Ne voyez-vous pas qu'il y a là comme un immense coeur renversé, et qui déverse de la lumière, incliné vers vous ? Suger, que l'on pense originaire de Saint-Omer (?!), a créé, dit-on, le style gothique parce qu'il voulait que la lumière, que beaucoup de lumière, jaillisse en haut des voûtes des églises... Mais, souvent, les buffets d'orgue ne peuvent que s'adosser à une muraille aveugle ! Ici, on a respecté la source de lumière : le buffet d'orgue s'est incliné pour lui livrer passage !
Et il y a plus : dans les nervures flamboyantes de la fenêtre haute de la tour, lorsque l'on est bien dans l'axe, on voit se dessiner un Triangle, image classique de la Sainte Trinité, juste derrière l'Enfant-Jésus !
Les anges
Les deux grands anges sonneurs de trompette, dont le contre-jour découpe l'élégance des gestes et la fluidité des tuniques, et les deux anges placés plus bas qui jouent de la conque marine et du serpent, représentent tous les Esprits célestes, et ils ne cessent pas de chanter la Gloire de Dieu ! En effet, sur l'étendard bleu de chaque trompettiste, on peut lire, en lettres d'or, le chronogramme suivant : « eXCeLsI In LaVDeM » (à la Louange du Très-Haut) et les lettres majuscules indiquent 1717, date de l'achèvement du buffet.
Jésus-enfant
Mais, planté sur la terre, voici l'Enfant-Jésus ! On le dirait propulsé par la trouée de Lumière ! Il est là, aérien, intemporel, il a déjà les attributs du Ressuscité du matin de Pâques : l'auréole triomphale ceint sa chevelure, et de la hampe de la croix, qui est l'Etendard Pascal, il vise la tête de l'antique serpent.

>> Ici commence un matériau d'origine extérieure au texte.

(* Let $\beta\in\mathbb{K}$ and let $G_{\mathrm{cyc}}$ be the $q$-grammar with master variables $\{x,y,z,e\}$, rule $x_j\mapsto q^jy_jx_{j+1}$, $y_j\mapsto q^jy_jx_{j+1}$, $z_j\mapsto q^jy_jx_{j+1}$, $e_j\mapsto\beta q^je_jz_{j+1}$ ($j\ge0$), and order KSO (identity). Let $\phi$ be the evaluation $\phi(x_j)=x$, $\phi(y_j)=y$, $\phi(z_j)=z$, $\phi(e_j)=e$ (commuting indeterminates; values taken in rational functions over $\mathbb{K}$). Then, as formal power series in $u$, \[ \phi\big(\mathrm{Gen}^{(G_{\mathrm{cyc}})}_q(e_0;u)\big)=e\prod_{k=0}^{\infty}\frac{1}{1-\beta uq^k\,\phi\big(\mathrm{Gen}^{(G_{\mathrm{cyc}})}_q(z_1;uq^k)\big)}, \] where \[ \phi\big(\mathrm{Gen}^{(G_{\mathrm{cyc}})}_q(z_1;uq^k)\big)=\frac{z-y+x^{-1}y(x-z)\,e_q\big((x-y)uq^{k+1}\big)}{1-x^{-1}y\,e_q\big((x-y)uq^{k+1}\big)}. \]
   Context: $\mathbb{K}$ is a commutative ring with unity and characteristic zero, $q$ an indeterminate. For a set $S$ of master variables, $\mathbb{S}=\{s_i:s\in S,\ i\ge0\}$ is a set of non-commuting variables, $F(\mathbb{S})$ the free group on $\mathbb{S}$, $\mathbb{E}=\mathbb{K}[q][F(\mathbb{S})]$ its group algebra. A rule $R$ assigns to each $s_i$ an element of $\mathbb{E}$, extended by $R(s_i^{-1})=-s_i^{-1}R(s_i)s_{i+1}^{-1}$. The up-arrow $\uparrow$ is the linear map replacing each letter $s_i^{\pm1}$ by $s_{i+1}^{\pm1}$. The $q$-derivative of a $q$-grammar $(S,R,\rho)$ ($\rho$ an order, i.e. a letter-permuting rewriting of words; KSO is the identity) is the $\mathbb{K}[q]$-linear map with $D(w_1\cdots w_n)=\sum_{j=1}^n\rho\big(w_1\cdots w_{j-1}R(w_j)\uparrow(w_{j+1}\cdots w_n)\big)$ for letters $w_j\in\mathbb{S}\cup\mathbb{S}^{-1}$, $D^0=\mathrm{id}$, $D^k=D\circ D^{k-1}$. An evaluation extends to a $\mathbb{K}[q]$-linear ring morphism with $\phi(s_i^{-1})=\phi(s_i)^{-1}$. $\mathrm{Gen}^{(G)}_q(f;u)=\sum_{n\ge0}D^n(f)u^n/(q;q)_n$, $(q;q)_n=\prod_{i=1}^n(1-q^i)$, $\phi$ applied coefficientwise; $e_q(u)=\sum_{n\ge0}u^n/(q;q)_n$. *)

theory Defs
  imports "HOL-Computational_Algebra.Formal_Power_Series"
          "HOL-Computational_Algebra.Polynomial_FPS"
          "HOL-Computational_Algebra.Fraction_Field"
begin

datatype mvar = MX | MY | MZ | ME

text \<open>A letter is (s, i, inv): inv = False means s_i, inv = True means s_i^{-1}.\<close>
type_synonym letter = "mvar \<times> nat \<times> bool"

text \<open>Elements of the algebra are represented as formal K[q]-linear combinations of
  words in the letters (lists of coefficient/word pairs).\<close>
type_synonym 'k elt = "('k poly \<times> letter list) list"

definition elt_mult :: "'k::comm_ring_1 elt \<Rightarrow> 'k elt \<Rightarrow> 'k elt" where
  "elt_mult a b = [(c * d, v @ w). (c, v) \<leftarrow> a, (d, w) \<leftarrow> b]"

definition word_elt :: "letter list \<Rightarrow> 'k::comm_ring_1 elt" where
  "word_elt w = [(1, w)]"

fun up_letter :: "letter \<Rightarrow> letter" where
  "up_letter (s, i, b) = (s, Suc i, b)"

fun letter_rule :: "(mvar \<Rightarrow> nat \<Rightarrow> 'k::comm_ring_1 elt) \<Rightarrow> letter \<Rightarrow> 'k elt" where
  "letter_rule r (s, i, False) = r s i"
| "letter_rule r (s, i, True) =
     elt_mult (elt_mult [(-1, [(s, i, True)])] (r s i)) (word_elt [(s, Suc i, True)])"

text \<open>q-derivative (order KSO = identity) of a single word.\<close>
definition D_word :: "(mvar \<Rightarrow> nat \<Rightarrow> 'k::comm_ring_1 elt) \<Rightarrow> letter list \<Rightarrow> 'k elt" where
  "D_word r w = concat (map (\<lambda>j. elt_mult (elt_mult (word_elt (take j w)) (letter_rule r (w ! j)))
                                      (word_elt (map up_letter (drop (Suc j) w))))
                            [0..<length w])"

definition qD :: "(mvar \<Rightarrow> nat \<Rightarrow> 'k::comm_ring_1 elt) \<Rightarrow> 'k elt \<Rightarrow> 'k elt" where
  "qD r a = concat (map (\<lambda>(c, w). map (\<lambda>(d, v). (c * d, v)) (D_word r w)) a)"

definition cyc_rule :: "'k::comm_ring_1 \<Rightarrow> mvar \<Rightarrow> nat \<Rightarrow> 'k elt" where
  "cyc_rule \<beta> s j = (case s of
       ME \<Rightarrow> [(monom \<beta> j, [(ME, j, False), (MZ, Suc j, False)])]
     | _ \<Rightarrow> [(monom 1 j, [(MY, j, False), (MX, Suc j, False)])])"

type_synonym 'k ratfun = "'k poly poly poly poly fract"

definition rf_const :: "'k::idom \<Rightarrow> 'k ratfun" where
  "rf_const c = Fract [:[:[:[:c:]:]:]:] 1"

definition rf_x :: "'k::idom ratfun" where "rf_x = Fract [:0, 1:] 1"
definition rf_y :: "'k::idom ratfun" where "rf_y = Fract [:[:0, 1:]:] 1"
definition rf_z :: "'k::idom ratfun" where "rf_z = Fract [:[:[:0, 1:]:]:] 1"
definition rf_e :: "'k::idom ratfun" where "rf_e = Fract [:[:[:[:0, 1:]:]:]:] 1"

definition cyc_val :: "mvar \<Rightarrow> 'k::idom ratfun" where
  "cyc_val s = (case s of MX \<Rightarrow> rf_x | MY \<Rightarrow> rf_y | MZ \<Rightarrow> rf_z | ME \<Rightarrow> rf_e)"

text \<open>Evaluation \<phi>: K[q]-linear ring morphism, q \<mapsto> q (the fps variable),
  s_i \<mapsto> value of s, s_i^{-1} \<mapsto> its inverse.\<close>
definition phi :: "'k::idom elt \<Rightarrow> 'k ratfun fps" where
  "phi a = (\<Sum>(c, w) \<leftarrow> a. fps_of_poly (map_poly rf_const c) *
              (\<Prod>(s, i, b) \<leftarrow> w. fps_const (if b then inverse (cyc_val s) else cyc_val s)))"

definition qpoch :: "nat \<Rightarrow> 'a::comm_ring_1 fps" where
  "qpoch n = (\<Prod>i\<in>{1..n}. 1 - fps_X ^ i)"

Pourquoi donc ce Jésus-Enfant, frêle et léger, et non pas le Christ en croix, le Christ enseignant, le Christ Pantocrator, le Christ du jugement dernier... Oui, pourquoi ? Sans doute pour évoquer ce que la théologie appelle « le Mystère de l'Incarnation » et pour nous redire que le Fils de Dieu est bien celui qui est venu dans l'humilité. Et s'il est ainsi planté sur la terre, n'est-ce pas pour y planter, à son tour, l'Eglise qui sera son corps Mystique ?...
Les hommes
Ceux-ci sont représentés, au milieu du buffet, par un globe terrestre tout rond et tout bleu, posé comme en équilibre sur la tourelle centrale, et tout irait pour le mieux, s'il n'était pas encerclé, enserré, étouffé, par le Serpent du Mal ! La Bible ne nous a-t-elle pas dit que le désordre originel a détourné l'homme de son Dieu et a fermé sa bouche et son coeur à la Louange ? Si l'homme n'est pas d'abord libéré du mal, il ne saurait chanter la gloire de Dieu, il ne saurait donner à son Créateur, la libre louange.